Need help about $P\Gamma L_2(q)$, $q=4,3$ I am asking kindly,

For which values of $n$ we have $$S_n≅P\Gamma L_2(3),S_n≅P\Gamma L_2(4)$$ This may be correct if we replace $S_n$ by $A_n$.

Any help will be appreciated. :)

Edit (JL): Adding the definition of the group. Let $\Omega$ denote the set $GF(q)\cup\{\infty\}$. Then the group $P\Gamma L_2(q)$ consists of bijections from $\Omega$ to itself the type
$$
P\Gamma L_2(q)=\{f:\Omega\rightarrow\Omega\mid f(z)=\frac{az^\sigma+b}{cz^\sigma+d}; a,b,c,d\in GF(q); ad-bc\neq0; \sigma\in Aut(GF(q))\}.
$$
This group has order $q(q^2-1)\cdot |Aut(GF(q))|$.
 A: By definition $P\Gamma L_2(q)$ is a subgroup of $\mathrm{Sym}(\Omega)\simeq S_{q+1}$. 
The claims would follow immediately from the knowledge of the order of the group $P\Gamma L_2(q)$:
When $q=3$, the group $Aut(GF(3))$ is trivial, and we have $|P\Gamma L_2(3)|=24=|S_4|$, so it follows that $P\Gamma L_2(q)$ must be all of $S_4$.

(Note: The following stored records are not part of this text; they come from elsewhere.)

text \<open>With this S the velocity of the separable solution through w is exactly the vector that
  \<open>ground_state_monotone\<close> pairs monotonically with the flow.\<close>
lemma separable_solution_has_vector_derivative:
  fixes w :: "'a::real_normed_vector"
  assumes "p < 2" and "0 < l" and "w \<noteq> 0" and S: "S = norm w powr (2 - p) / ((2 - p) * l)"
    and "\<tau> < S"
  shows "((\<lambda>\<tau>. (1 - \<tau> / S) powr (1 / (2 - p)) *\<^sub>R w) has_vector_derivative
      - ((l * ((1 - \<tau> / S) powr (1 / (2 - p))) powr (p - 1) * norm w powr (p - 2)) *\<^sub>R w)) (at \<tau> within T)"
proof -
  define q where "q = 1 / (2 - p)"
  define X where "X = 1 - \<tau> / S"
  have "0 < S"
    using assms by simp
  then have "0 < X"
    using \<open>\<tau> < S\<close> by (simp add: X_def field_simps)
  have "((\<lambda>\<tau>. (1 - \<tau> / S) powr q) has_real_derivative q * X powr (q - 1) * (- 1 / S)) (at \<tau> within T)"
    unfolding X_def using \<open>0 < X\<close>[unfolded X_def] \<open>0 < S\<close>
    by (intro DERIV_chain2[OF has_real_derivative_powr]) (auto intro!: derivative_eq_intros)
  from has_vector_derivative_scaleR[OF this has_vector_derivative_const[of w]]
  have "((\<lambda>\<tau>. (1 - \<tau> / S) powr q *\<^sub>R w) has_vector_derivative
      - ((q / S * X powr (q - 1)) *\<^sub>R w)) (at \<tau> within T)"
    by simp
  moreover have "q / S = l * norm w powr (p - 2)"
    using assms by (simp add: q_def powr_minus_divide[symmetric] powr_diff)
  moreover have "q * (p - 1) = q - 1"
    using \<open>p < 2\<close> by (simp add: q_def field_simps)
  then have "(X powr q) powr (p - 1) = X powr (q - 1)"
    by (simp add: powr_powr)
  ultimately show ?thesis
    unfolding q_def[symmetric] X_def[symmetric] by (simp add: mult_ac)
qed

text \<open>Only the subgradient inclusion for the right derivative of a gradient flow is used, which
  makes the rescaled flows below instances of the same locale.\<close>
locale extinguishing_flow =
  fixes J :: "'a::{real_inner,complete_space} \<Rightarrow> ereal" and p :: real and u :: "real \<Rightarrow> 'a"
  assumes p_ge: "1 \<le> p" and p_less: "p < 2" and admissible: "admissible p J"
    and lambda1_pos: "0 < lambda1 p J"
    and continuous: "continuous_on {0..} u"
    and subgradient: "\<And>t. 0 < t \<Longrightarrow> \<exists>\<zeta>\<in>subdiff J (u t). (u has_vector_derivative - \<zeta>) (at t within {t..})"
    and initial: "u 0 \<in> H0 J"
    and extinguishes: "\<exists>T>0. \<forall>t\<ge>T. u t = 0"
begin

abbreviation Tex where "Tex \<equiv> extinction_time u"

lemma continuous_on_Icc: "0 \<le> a \<Longrightarrow> continuous_on {a..b} u"
  using continuous by (rule continuous_on_subset) auto

lemma orthogonal_nullspace:
  assumes "0 \<le> t" and n: "n \<in> nullspace J"
  shows "inner (u t) n = 0"
proof -
  have "inner (u t) n = inner (u 0) n"
  proof (rule DERIV_right_zero_imp_constant[OF \<open>0 \<le> t\<close>])
    show "continuous_on {0..t} (\<lambda>s. inner (u s) n)"
      using continuous_on_Icc[of 0 t] by (intro continuous_intros) auto
    fix s :: real
    assume "0 < s"
    then obtain \<zeta> where \<zeta>: "\<zeta> \<in> subdiff J (u s)" and du: "(u has_vector_derivative - \<zeta>) (at s within {s..})"
      using subgradient by blast
    have "inner \<zeta> n = 0"
      using subdiff_orthogonal_nullspace[OF admissible \<zeta> n] .
    with has_derivative_inner_left[OF du[unfolded has_vector_derivative_def], of n]
    have "((\<lambda>s. inner (u s) n) has_derivative (\<lambda>h. 0)) (at s within {s..})"
      by simp
    then show "((\<lambda>s. inner (u s) n) has_real_derivative 0) (at s within {s..})"
      by (simp add: has_field_derivative_def lambda_zero)
  qed
  with initial n show ?thesis
    by (simp add: H0_def)
qed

When $q=4$, the group $Aut(GF(4))$ is cyclic of order tow, and we have 
$$|P\Gamma L_2(4)|=4\cdot(4^2-1)\cdot2=120=|S_5|.$$ Again we see that $P\Gamma L_2(4)$ must be all of $S_5$.
So the real question is to prove the formula for the order of the group in these two cases.

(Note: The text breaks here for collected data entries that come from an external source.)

(* Let $L$ be a torsion-free $d$-dimensional Lie algebra over $\mathbb{C}[\![t]\!]$ and $*\in\{\le,\triangleleft\}$. Assume $L$ has a basis $B=\{x_1,\ldots,x_d\}$ which is nice with respect to $*$ and simple. Then $$R_L^*(T)=\sum_{\mathbf{n}\in\mathcal{C}_B^*\cap\mathbb{Z}^d}T^{n_1+n_2+\cdots+n_d},$$ where $\mathcal{C}_B^{\triangleleft}=\{\mathbf{y}\in\mathbb{R}_{\ge0}^d: y_l\le y_i \text{ and } y_l\le y_j \text{ whenever } [x_i,x_j]=ax_l,\ a\ne0\}$ and $\mathcal{C}_B^{\le}=\{\mathbf{y}\in\mathbb{R}_{\ge0}^d: y_l\le y_i+y_j \text{ whenever } [x_i,x_j]=ax_l,\ a\ne0\}$.
   Context: Reduced zeta function: with $\chi$ the Euler characteristic on complex constructible sets (unique integer-valued function with $\chi(\mathbb{C}^m)=1$, additive on disjoint constructible sets, multiplicative along constructible maps with fibres of constant Euler characteristic), and $B_n^{\le}$ (resp. $B_n^{\triangleleft}$) the constructible subset of the Grassmannian $\mathrm{Gr}(L/t^nL)$ of $\mathbb{C}[\![t]\!]$-submodules of $L$ of $\mathbb{C}$-codimension $n$ that are subalgebras (resp. ideals), $R_L^*(T)=\sum_{n\ge0}\chi(B_n^* )T^n$. Let $v$ be the $t$-adic valuation on $\mathbb{C}[\![t]\!]$. Let $\mathcal{D}_B^*$ be the set of $\mathbf{n}\in\mathbb{Z}_{\ge0}^d$ such that the $\mathbb{C}[\![t]\!]$-span of $t^{n_1}x_1,\ldots,t^{n_d}x_d$ is an ideal (if $*=\triangleleft$) or a subalgebra (if $*=\le$). The basis $B$ is nice with respect to $*$ if $R_L^*(T)=\sum_{\mathbf{n}\in\mathcal{D}_B^*}T^{n_1+\cdots+n_d}$. It is simple if for all $i,j$ there exist $l\in\{1,\ldots,d\}$ and $a\in\mathbb{C}[\![t]\!]$ with $[x_i,x_j]=ax_l$ and either $a=0$ or $v(a)=0$. *)

theory Defs
  imports "HOL-Computational_Algebra.Formal_Power_Series" Complex_Main
begin

text \<open>A torsion-free d-dimensional Lie algebra L over C[[t]] with basis x_0..x_(d-1) is
  represented by coordinates: elements are functions nat => complex fps vanishing at indices >= d,
  and the bracket is given by structure constants c i j k ([x_i,x_j] = sum_k c i j k x_k).\<close>

definition vecs :: "nat \<Rightarrow> (nat \<Rightarrow> complex fps) set" where
  "vecs d = {u. \<forall>i\<ge>d. u i = 0}"

definition lie_br :: "nat \<Rightarrow> (nat \<Rightarrow> nat \<Rightarrow> nat \<Rightarrow> complex fps)
    \<Rightarrow> (nat \<Rightarrow> complex fps) \<Rightarrow> (nat \<Rightarrow> complex fps) \<Rightarrow> (nat \<Rightarrow> complex fps)" where
  "lie_br d c u v = (\<lambda>k. if k < d then (\<Sum>i<d. \<Sum>j<d. u i * v j * c i j k) else 0)"

definition basis_vec :: "nat \<Rightarrow> nat \<Rightarrow> complex fps" where
  "basis_vec i = (\<lambda>k. if k = i then 1 else 0)"

text \<open>Lie algebra axioms on the basis (alternating and Jacobi); bilinearity is built in.\<close>
definition lie_structure :: "nat \<Rightarrow> (nat \<Rightarrow> nat \<Rightarrow> nat \<Rightarrow> complex fps) \<Rightarrow> bool" where
  "lie_structure d c \<longleftrightarrow>
     (\<forall>i<d. \<forall>k<d. c i i k = 0) \<and>
     (\<forall>i<d. \<forall>j<d. \<forall>k<d. c i j k = - c j i k) \<and>
     (\<forall>i<d. \<forall>j<d. \<forall>m<d. \<forall>k<d.
        (\<Sum>l<d. c j m l * c i l k + c m i l * c j l k + c i j l * c m l k) = 0)"

datatype kind = Subalg | Ideal

text \<open>The C[[t]]-span of t^(n_1) x_1, ..., t^(n_d) x_d.\<close>
definition span_mod :: "nat \<Rightarrow> (nat \<Rightarrow> nat) \<Rightarrow> (nat \<Rightarrow> complex fps) set" where
  "span_mod d n = {u \<in> vecs d. \<forall>i<d. fps_X ^ (n i) dvd u i}"

definition is_kind :: "kind \<Rightarrow> nat \<Rightarrow> (nat \<Rightarrow> nat \<Rightarrow> nat \<Rightarrow> complex fps)
    \<Rightarrow> (nat \<Rightarrow> complex fps) set \<Rightarrow> bool" where
  "is_kind k d c M \<longleftrightarrow> (case k of
      Subalg \<Rightarrow> (\<forall>u\<in>M. \<forall>v\<in>M. lie_br d c u v \<in> M)
    | Ideal \<Rightarrow> (\<forall>u\<in>vecs d. \<forall>v\<in>M. lie_br d c u v \<in> M))"

definition D_set :: "kind \<Rightarrow> nat \<Rightarrow> (nat \<Rightarrow> nat \<Rightarrow> nat \<Rightarrow> complex fps) \<Rightarrow> (nat \<Rightarrow> nat) set" where
  "D_set k d c = {n. (\<forall>i\<ge>d. n i = 0) \<and> is_kind k d c (span_mod d n)}"

definition br_is :: "nat \<Rightarrow> (nat \<Rightarrow> nat \<Rightarrow> nat \<Rightarrow> complex fps) \<Rightarrow> nat \<Rightarrow> nat \<Rightarrow> complex fps \<Rightarrow> nat \<Rightarrow> bool" where
  "br_is d c i j a l \<longleftrightarrow> lie_br d c (basis_vec i) (basis_vec j) = (\<lambda>k. if k = l then a else 0)"

definition simple_basis :: "nat \<Rightarrow> (nat \<Rightarrow> nat \<Rightarrow> nat \<Rightarrow> complex fps) \<Rightarrow> bool" where
  "simple_basis d c \<longleftrightarrow> (\<forall>i<d. \<forall>j<d. \<exists>l<d. \<exists>a.
      br_is d c i j a l \<and> (a = 0 \<or> subdegree a = 0))"

definition C_cone :: "kind \<Rightarrow> nat \<Rightarrow> (nat \<Rightarrow> nat \<Rightarrow> nat \<Rightarrow> complex fps) \<Rightarrow> (nat \<Rightarrow> real) set" where
  "C_cone k d c = {y. (\<forall>i\<ge>d. y i = 0) \<and> (\<forall>i<d. y i \<ge> 0) \<and>
     (\<forall>i<d. \<forall>j<d. \<forall>l<d. \<forall>a. br_is d c i j a l \<and> a \<noteq> 0 \<longrightarrow>
        (case k of Ideal \<Rightarrow> y l \<le> y i \<and> y l \<le> y j
                 | Subalg \<Rightarrow> y l \<le> y i + y j))}"

text \<open>Integer points of the cone (they are nonnegative, hence nat-valued).\<close>
definition C_int :: "kind \<Rightarrow> nat \<Rightarrow> (nat \<Rightarrow> nat \<Rightarrow> nat \<Rightarrow> complex fps) \<Rightarrow> (nat \<Rightarrow> nat) set" where
  "C_int k d c = {n. (\<forall>i\<ge>d. n i = 0) \<and> (\<lambda>i. real (n i)) \<in> C_cone k d c}"

definition gen_fun :: "nat \<Rightarrow> (nat \<Rightarrow> nat) set \<Rightarrow> int fps" where
  "gen_fun d S = Abs_fps (\<lambda>m. int (card {n \<in> S. (\<Sum>i<d. n i) = m}))"

definition nice_basis :: "kind \<Rightarrow> nat \<Rightarrow> (nat \<Rightarrow> nat \<Rightarrow> nat \<Rightarrow> complex fps) \<Rightarrow> int fps \<Rightarrow> bool" where
  "nice_basis k d c R \<longleftrightarrow> R = gen_fun d (D_set k d c)"

end

theory Submission
  imports Defs
begin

In the case $q=3$ we observe that the transformations $z\mapsto z+1$ and $z\mapsto 2z$
give the permutations $\alpha=(012)(\infty)$ and $\beta=(12)(0)(\infty)$ of $\Omega$ respectively.
Clearly these two generate the group $S_3$ acting on the affine part $GF(3)$.

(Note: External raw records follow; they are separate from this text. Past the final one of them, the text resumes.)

theorem decider_correct:
  assumes k: "k \<ge> 1"
  shows "decides_within decider (0, input k hs) (150 + 40 * length hs) (realizable k (mset hs))"
proof (cases "hs = []")
  case True
  then have "run decider 1 (0, input k hs) = (136, input k hs)"
    by (simp add: decider_exec input_def)
  from decides_within_run[OF this decider_rejects]
  have "decides_within decider (0, input k hs) (1 + 1) False" .
  moreover have "\<not> realizable k (mset hs)"
    using True realizable_imp_admissible by (auto simp: admissible_heights_def)
  ultimately show ?thesis by (auto elim: decides_within_mono)
next
  case False
  define n where "n = length hs"
  define Q where "Q = ((\<forall>j\<in>{0..<n}. hs ! j < n) \<and> levels_admissible k (mset hs) n)"
  have check: "decides_within decider (98, m) (6 + (15 * n + 3)) (levels_admissible k (mset hs) n)"
    if inv: "count_invariant k hs n m" for m
  proof -
    obtain m' where "run decider 6 (98, m) = (118, m')" "check_invariant k hs n m'"
      using count_exit[of k hs m] inv by (auto simp: n_def)
    then show ?thesis using decides_within_run check_loop by blast
  qed
  have count: "decides_within decider (98, m) (15 * n + 7 + (6 + (15 * n + 3))) Q"
    if "count_invariant k hs 0 m" for m
    using count_loop[OF that, of "6 + (15 * n + 3)"] check by (simp add: n_def Q_def)
  obtain m where "run decider 87 (0, input k hs) = (87, m)" "copy_invariant k hs 16 m"
    using setup_run[OF False k] by blast
  from decides_within_run[OF this(1) copy_loop[OF this(2) count]]
  have "decides_within decider (0, input k hs)
      (87 + (7 * (n + 2 - 16) + 6 + (15 * n + 7 + (6 + (15 * n + 3))))) Q"
    by (simp add: n_def)
  moreover have "Q = realizable k (mset hs)"
    using admissible_heights_iff_levels[OF k False] realizable_iff_admissible[OF k] by (simp add: Q_def n_def)
  ultimately show ?thesis by (auto simp: n_def elim: decides_within_mono)
qed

The transformation $z\mapsto 1/z$ gives the permutation $\gamma=(0\infty)(1)(2)$. Together with $\alpha$ we get a group that acts transitively on $\Omega$, because $\gamma(\infty)=0$,
and $(\alpha^i\gamma)(\infty)=i$ for $i=1,2$. Therefore the group generated by all of
$\alpha,\beta,\gamma$ must have at least $4\cdot|\langle \alpha,\beta\rangle|=4\cdot6=24$
elements, and hence be all of $S_4$.
For the case $q=4$ I write $GF(4)=\{0,1,a,b=a+1=a^2\}$. Here $F:x\mapsto x^2$ is the
only non-trivial automorphism. It corresponds to the permutation $\phi=(0)(1)(ab)(\infty)$.
In addition to that we have $z\mapsto z+1$ giving us $\alpha=(01)(ab)(\infty)$, and
$z\mapsto az$ giving us the permutation $\beta=(0)(1ab)(\infty)$. The elements $\phi$ and $\beta$
fix both $0$ and $\infty$, and we see that they generate a copy of $S_3$ acting on $\{1,a,b\}$. The group of translations $K$ generated by $\alpha$ and $\beta\alpha\beta^{-1}$, the latter
corresponding to $z\mapsto z+a$, gives us a copy of the Klein four group acting transitively on the finite part $GF(4)$. As in the preceding case we thus see that the group
$H=\langle \alpha,\beta,\phi\rangle$ generated by these three transformations must act as $S_4$ on $GF(4)=\Omega\setminus\{\infty\}$ because it has at least $4\cdot6=24$ elements.
It remains to show that adding the generator $\gamma=(0\infty)(1)(ab)$ gives us a group of size at least $120$. This follows from transitivity as in the case $q=3$. We can map $\infty$ to $0$ with $\gamma$, so $\gamma$ followed by an appropriate element of $K$
maps $\infty$ to any other element of $\Omega$. Therefore the order of the group
$G=P\Gamma L_2(4)$ is at least $5\cdot|H|=120$. As $G$ was known to be a subgroup of $S_5$, the isomorphism $G\simeq S_5$ follows.